> **Work to be completed**:
Each line of the data has to be transcribed exactly.

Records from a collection
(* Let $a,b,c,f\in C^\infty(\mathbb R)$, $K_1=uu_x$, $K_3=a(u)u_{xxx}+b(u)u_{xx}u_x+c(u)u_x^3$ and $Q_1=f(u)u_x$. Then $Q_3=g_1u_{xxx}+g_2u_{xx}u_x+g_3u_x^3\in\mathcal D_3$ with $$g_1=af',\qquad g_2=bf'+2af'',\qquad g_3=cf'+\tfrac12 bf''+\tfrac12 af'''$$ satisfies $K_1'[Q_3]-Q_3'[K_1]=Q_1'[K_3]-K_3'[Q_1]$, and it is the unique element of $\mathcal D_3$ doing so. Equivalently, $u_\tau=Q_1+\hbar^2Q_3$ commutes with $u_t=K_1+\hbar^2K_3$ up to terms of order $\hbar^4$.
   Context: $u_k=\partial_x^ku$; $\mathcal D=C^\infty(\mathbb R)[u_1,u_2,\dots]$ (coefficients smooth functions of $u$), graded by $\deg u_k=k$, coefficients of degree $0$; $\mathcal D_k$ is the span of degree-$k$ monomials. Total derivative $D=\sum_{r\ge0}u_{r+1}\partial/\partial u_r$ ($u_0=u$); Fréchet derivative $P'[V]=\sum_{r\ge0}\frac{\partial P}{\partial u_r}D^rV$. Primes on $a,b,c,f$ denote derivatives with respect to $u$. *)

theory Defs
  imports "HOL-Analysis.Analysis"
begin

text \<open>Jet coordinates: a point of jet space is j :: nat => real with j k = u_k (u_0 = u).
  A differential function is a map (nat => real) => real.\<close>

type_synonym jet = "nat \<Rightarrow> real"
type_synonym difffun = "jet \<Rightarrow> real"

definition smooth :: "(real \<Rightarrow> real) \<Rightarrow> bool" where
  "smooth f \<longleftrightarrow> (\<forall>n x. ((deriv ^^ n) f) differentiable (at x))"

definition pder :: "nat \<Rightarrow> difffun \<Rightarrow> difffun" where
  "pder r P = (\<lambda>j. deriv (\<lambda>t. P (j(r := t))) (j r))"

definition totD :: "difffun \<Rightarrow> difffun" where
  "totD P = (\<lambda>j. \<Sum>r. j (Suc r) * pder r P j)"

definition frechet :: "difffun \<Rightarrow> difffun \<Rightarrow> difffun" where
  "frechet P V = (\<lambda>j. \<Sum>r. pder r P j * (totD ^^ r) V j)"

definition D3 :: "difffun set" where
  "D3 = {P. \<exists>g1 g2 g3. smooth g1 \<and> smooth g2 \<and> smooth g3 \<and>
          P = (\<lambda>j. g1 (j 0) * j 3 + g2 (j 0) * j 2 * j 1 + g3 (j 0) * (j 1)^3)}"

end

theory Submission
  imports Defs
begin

> **Problem solution**:
(* Let $a,b,c,f\in C^\infty(\mathbb R)$, $K_1=uu_x$, $K_3=a(u)u_{xxx}+b(u)u_{xx}u_x+c(u)u_x^3$ and $Q_1=f(u)u_x$. Then $Q_3=g_1u_{xxx}+g_2u_{xx}u_x+g_3u_x^3\in\mathcal D_3$ with $$g_1=af',\qquad g_2=bf'+2af'',\qquad g_3=cf'+\tfrac12 bf''+\tfrac12 af'''$$ satisfies $K_1'[Q_3]-Q_3'[K_1]=Q_1'[K_3]-K_3'[Q_1]$, and it is the unique element of $\mathcal D_3$ doing so. Equivalently, $u_\tau=Q_1+\hbar^2Q_3$ commutes with $u_t=K_1+\hbar^2K_3$ up to terms of order $\hbar^4$.
   Context: $u_k=\partial_x^ku$; $\mathcal D=C^\infty(\mathbb R)[u_1,u_2,\dots]$ (coefficients smooth functions of $u$), graded by $\deg u_k=k$, coefficients of degree $0$; $\mathcal D_k$ is the span of degree-$k$ monomials. Total derivative $D=\sum_{r\ge0}u_{r+1}\partial/\partial u_r$ ($u_0=u$); Fréchet derivative $P'[V]=\sum_{r\ge0}\frac{\partial P}{\partial u_r}D^rV$. Primes on $a,b,c,f$ denote derivatives with respect to $u$. *)

theory Defs
  imports "HOL-Analysis.Analysis"
begin

text \<open>Jet coordinates: a point of jet space is j :: nat => real with j k = u_k (u_0 = u).
  A differential function is a map (nat => real) => real.\<close>

type_synonym jet = "nat \<Rightarrow> real"
type_synonym difffun = "jet \<Rightarrow> real"

definition smooth :: "(real \<Rightarrow> real) \<Rightarrow> bool" where
  "smooth f \<longleftrightarrow> (\<forall>n x. ((deriv ^^ n) f) differentiable (at x))"

definition pder :: "nat \<Rightarrow> difffun \<Rightarrow> difffun" where
  "pder r P = (\<lambda>j. deriv (\<lambda>t. P (j(r := t))) (j r))"

definition totD :: "difffun \<Rightarrow> difffun" where
  "totD P = (\<lambda>j. \<Sum>r. j (Suc r) * pder r P j)"

definition frechet :: "difffun \<Rightarrow> difffun \<Rightarrow> difffun" where
  "frechet P V = (\<lambda>j. \<Sum>r. pder r P j * (totD ^^ r) V j)"

definition D3 :: "difffun set" where
  "D3 = {P. \<exists>g1 g2 g3. smooth g1 \<and> smooth g2 \<and> smooth g3 \<and>
          P = (\<lambda>j. g1 (j 0) * j 3 + g2 (j 0) * j 2 * j 1 + g3 (j 0) * (j 1)^3)}"

end

theory Submission
  imports Defs
begin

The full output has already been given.